----- Data supplied

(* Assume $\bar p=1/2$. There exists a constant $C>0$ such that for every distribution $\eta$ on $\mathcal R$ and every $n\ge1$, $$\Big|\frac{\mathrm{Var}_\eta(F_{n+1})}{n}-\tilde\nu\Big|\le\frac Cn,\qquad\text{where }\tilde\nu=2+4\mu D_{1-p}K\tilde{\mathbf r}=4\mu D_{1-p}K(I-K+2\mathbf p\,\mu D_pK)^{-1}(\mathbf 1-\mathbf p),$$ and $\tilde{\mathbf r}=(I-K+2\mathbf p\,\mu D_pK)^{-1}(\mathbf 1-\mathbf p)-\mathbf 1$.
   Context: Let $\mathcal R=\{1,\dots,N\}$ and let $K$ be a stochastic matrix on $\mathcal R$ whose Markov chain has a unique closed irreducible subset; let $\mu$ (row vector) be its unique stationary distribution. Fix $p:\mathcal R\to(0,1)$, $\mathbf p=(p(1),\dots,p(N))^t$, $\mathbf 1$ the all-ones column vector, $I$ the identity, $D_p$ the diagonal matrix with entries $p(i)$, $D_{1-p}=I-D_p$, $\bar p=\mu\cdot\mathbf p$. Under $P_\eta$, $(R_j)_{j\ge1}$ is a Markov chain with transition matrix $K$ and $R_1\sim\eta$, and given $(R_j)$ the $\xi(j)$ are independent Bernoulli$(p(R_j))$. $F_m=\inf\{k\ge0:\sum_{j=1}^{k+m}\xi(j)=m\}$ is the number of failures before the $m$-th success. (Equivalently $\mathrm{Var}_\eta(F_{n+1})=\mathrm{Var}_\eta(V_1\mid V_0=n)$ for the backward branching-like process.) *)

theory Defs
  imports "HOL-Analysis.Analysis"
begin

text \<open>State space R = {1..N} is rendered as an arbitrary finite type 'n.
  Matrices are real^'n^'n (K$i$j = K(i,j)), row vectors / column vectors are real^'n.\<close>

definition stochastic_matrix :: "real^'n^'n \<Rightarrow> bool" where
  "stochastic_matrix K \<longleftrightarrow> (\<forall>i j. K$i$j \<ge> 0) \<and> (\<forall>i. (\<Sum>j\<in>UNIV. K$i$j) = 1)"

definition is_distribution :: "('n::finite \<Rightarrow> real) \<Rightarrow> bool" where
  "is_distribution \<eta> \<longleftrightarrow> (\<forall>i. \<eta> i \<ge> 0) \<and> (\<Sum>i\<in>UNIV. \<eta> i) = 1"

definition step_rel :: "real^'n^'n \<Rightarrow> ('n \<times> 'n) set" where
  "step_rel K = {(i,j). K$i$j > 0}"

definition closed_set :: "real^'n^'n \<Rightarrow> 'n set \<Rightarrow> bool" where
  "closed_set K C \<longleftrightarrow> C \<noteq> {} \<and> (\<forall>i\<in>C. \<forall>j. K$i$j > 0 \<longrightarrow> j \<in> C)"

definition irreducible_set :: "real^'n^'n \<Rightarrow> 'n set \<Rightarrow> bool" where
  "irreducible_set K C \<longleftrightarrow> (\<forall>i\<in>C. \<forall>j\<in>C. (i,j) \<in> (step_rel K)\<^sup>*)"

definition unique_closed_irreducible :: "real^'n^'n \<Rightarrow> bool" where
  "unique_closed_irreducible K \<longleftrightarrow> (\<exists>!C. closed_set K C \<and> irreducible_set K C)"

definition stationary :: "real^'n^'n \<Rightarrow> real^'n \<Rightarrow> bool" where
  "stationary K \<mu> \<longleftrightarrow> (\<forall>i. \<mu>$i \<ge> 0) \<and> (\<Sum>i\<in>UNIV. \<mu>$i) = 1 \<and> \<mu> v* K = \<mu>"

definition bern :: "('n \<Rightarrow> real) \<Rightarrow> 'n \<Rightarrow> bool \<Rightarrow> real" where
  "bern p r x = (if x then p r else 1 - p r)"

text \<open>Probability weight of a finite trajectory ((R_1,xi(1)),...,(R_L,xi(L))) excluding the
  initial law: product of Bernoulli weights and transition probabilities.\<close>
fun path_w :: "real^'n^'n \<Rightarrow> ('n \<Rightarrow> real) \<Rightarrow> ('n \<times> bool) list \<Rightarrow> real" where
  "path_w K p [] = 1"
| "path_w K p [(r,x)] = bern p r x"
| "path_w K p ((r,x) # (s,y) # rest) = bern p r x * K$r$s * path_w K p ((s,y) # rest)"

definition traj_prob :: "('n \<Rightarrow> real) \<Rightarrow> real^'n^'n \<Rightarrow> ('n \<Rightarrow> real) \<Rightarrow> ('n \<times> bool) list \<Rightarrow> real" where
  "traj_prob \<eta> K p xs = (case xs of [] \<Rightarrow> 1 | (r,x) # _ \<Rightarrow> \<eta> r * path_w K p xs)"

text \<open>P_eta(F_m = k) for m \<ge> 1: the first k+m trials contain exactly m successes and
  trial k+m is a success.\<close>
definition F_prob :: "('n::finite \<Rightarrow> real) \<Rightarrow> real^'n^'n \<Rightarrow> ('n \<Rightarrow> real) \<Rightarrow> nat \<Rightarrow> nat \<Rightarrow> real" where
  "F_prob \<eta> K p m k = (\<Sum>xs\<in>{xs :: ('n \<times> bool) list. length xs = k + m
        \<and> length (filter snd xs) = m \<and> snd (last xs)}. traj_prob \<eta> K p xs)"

----------
----- Data supplied

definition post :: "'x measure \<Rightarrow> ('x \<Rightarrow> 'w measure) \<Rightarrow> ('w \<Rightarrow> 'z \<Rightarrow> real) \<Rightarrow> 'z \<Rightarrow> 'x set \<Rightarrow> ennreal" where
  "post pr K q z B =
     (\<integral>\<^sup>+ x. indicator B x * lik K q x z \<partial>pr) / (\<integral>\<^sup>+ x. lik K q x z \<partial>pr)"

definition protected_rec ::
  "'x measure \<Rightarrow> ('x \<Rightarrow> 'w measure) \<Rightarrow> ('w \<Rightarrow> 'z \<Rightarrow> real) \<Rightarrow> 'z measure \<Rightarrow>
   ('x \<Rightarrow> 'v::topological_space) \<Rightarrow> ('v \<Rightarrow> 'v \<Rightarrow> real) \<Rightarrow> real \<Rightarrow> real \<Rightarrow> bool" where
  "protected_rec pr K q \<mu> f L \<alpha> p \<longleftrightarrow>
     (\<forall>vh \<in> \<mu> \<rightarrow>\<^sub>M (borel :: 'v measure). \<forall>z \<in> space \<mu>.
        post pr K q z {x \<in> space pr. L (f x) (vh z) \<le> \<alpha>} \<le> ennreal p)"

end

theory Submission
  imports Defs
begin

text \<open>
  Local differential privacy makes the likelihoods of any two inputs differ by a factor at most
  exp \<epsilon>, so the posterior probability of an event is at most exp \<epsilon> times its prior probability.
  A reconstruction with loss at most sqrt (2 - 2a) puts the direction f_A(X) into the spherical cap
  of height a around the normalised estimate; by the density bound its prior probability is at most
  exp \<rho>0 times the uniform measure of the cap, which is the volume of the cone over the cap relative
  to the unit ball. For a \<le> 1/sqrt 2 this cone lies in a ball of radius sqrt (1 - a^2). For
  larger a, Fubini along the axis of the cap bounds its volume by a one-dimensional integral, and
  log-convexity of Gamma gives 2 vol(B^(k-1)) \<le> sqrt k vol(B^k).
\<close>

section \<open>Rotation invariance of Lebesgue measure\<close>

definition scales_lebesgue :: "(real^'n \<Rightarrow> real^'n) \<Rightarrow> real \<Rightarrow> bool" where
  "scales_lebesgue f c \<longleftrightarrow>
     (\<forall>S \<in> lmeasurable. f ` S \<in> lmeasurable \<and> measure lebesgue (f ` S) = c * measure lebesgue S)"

----------

(What you should do): Starting with the line that holds "K \<mu> \<longleftrightarrow>" and ending with the line that holds "initial law: product", retype every line in the data above exactly, and nothing else.

(Completed exercise):
  "stationary K \<mu> \<longleftrightarrow> (\<forall>i. \<mu>$i \<ge> 0) \<and> (\<Sum>i\<in>UNIV. \<mu>$i) = 1 \<and> \<mu> v* K = \<mu>"

definition bern :: "('n \<Rightarrow> real) \<Rightarrow> 'n \<Rightarrow> bool \<Rightarrow> real" where
  "bern p r x = (if x then p r else 1 - p r)"

text \<open>Probability weight of a finite trajectory ((R_1,xi(1)),...,(R_L,xi(L))) excluding the
  initial law: product of Bernoulli weights and transition probabilities.\<close>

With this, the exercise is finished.